[Items from a data source]

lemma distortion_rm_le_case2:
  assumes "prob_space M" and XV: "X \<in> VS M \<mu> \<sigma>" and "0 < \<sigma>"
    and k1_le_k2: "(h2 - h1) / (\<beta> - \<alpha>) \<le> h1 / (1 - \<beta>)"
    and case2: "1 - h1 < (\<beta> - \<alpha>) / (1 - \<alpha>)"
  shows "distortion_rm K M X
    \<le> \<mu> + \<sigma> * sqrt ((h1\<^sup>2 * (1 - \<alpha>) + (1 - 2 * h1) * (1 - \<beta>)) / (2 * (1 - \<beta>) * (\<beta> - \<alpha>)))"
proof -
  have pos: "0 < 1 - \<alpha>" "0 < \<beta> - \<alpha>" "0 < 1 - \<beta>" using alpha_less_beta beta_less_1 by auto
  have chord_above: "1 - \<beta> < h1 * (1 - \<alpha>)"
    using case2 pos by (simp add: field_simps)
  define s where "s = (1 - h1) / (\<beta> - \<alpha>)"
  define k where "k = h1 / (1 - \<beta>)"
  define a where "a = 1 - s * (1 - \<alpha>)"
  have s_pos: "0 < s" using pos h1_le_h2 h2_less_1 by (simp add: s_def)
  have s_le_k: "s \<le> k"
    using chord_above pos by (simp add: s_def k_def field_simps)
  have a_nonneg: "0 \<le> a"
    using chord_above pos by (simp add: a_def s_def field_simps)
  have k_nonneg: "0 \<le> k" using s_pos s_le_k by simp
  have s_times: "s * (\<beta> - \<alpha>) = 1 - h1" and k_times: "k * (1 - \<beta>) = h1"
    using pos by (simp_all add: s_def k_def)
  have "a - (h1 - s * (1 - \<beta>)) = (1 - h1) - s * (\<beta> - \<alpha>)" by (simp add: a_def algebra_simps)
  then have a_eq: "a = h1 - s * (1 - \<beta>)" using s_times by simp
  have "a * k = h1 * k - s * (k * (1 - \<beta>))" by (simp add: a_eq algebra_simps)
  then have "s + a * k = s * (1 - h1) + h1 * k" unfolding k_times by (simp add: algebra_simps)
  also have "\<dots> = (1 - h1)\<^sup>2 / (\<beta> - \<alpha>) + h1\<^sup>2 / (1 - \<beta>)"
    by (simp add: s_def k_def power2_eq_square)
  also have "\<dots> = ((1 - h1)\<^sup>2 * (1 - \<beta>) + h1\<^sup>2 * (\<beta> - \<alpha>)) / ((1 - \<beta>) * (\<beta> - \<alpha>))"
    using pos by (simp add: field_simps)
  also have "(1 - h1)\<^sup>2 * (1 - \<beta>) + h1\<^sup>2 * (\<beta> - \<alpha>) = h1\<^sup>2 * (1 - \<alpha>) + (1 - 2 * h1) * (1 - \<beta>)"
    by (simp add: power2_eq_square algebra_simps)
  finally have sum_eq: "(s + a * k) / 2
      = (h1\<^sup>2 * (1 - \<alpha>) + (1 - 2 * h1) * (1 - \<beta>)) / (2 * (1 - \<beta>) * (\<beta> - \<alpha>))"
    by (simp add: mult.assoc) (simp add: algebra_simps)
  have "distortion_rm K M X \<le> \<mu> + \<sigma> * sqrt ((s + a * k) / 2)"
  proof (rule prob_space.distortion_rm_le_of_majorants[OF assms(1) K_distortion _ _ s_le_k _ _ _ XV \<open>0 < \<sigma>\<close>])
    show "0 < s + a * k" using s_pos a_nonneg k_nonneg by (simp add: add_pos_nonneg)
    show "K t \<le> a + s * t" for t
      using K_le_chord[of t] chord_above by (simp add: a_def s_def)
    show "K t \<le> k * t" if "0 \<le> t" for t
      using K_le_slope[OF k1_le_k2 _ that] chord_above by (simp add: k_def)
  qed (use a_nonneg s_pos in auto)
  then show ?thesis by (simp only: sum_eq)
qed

**WHAT IS BEING ASKED:** Write out exactly the lines that fall from the line with "by (simp add: algebra_simps)" to the line with "using pos by (simp add: field_simps)" in the records above, keeping both ends.

**EXPECTED ANSWER:**
  then have "s + a * k = s * (1 - h1) + h1 * k" unfolding k_times by (simp add: algebra_simps)
  also have "\<dots> = (1 - h1)\<^sup>2 / (\<beta> - \<alpha>) + h1\<^sup>2 / (1 - \<beta>)"
    by (simp add: s_def k_def power2_eq_square)
  also have "\<dots> = ((1 - h1)\<^sup>2 * (1 - \<beta>) + h1\<^sup>2 * (\<beta> - \<alpha>)) / ((1 - \<beta>) * (\<beta> - \<alpha>))"
    using pos by (simp add: field_simps)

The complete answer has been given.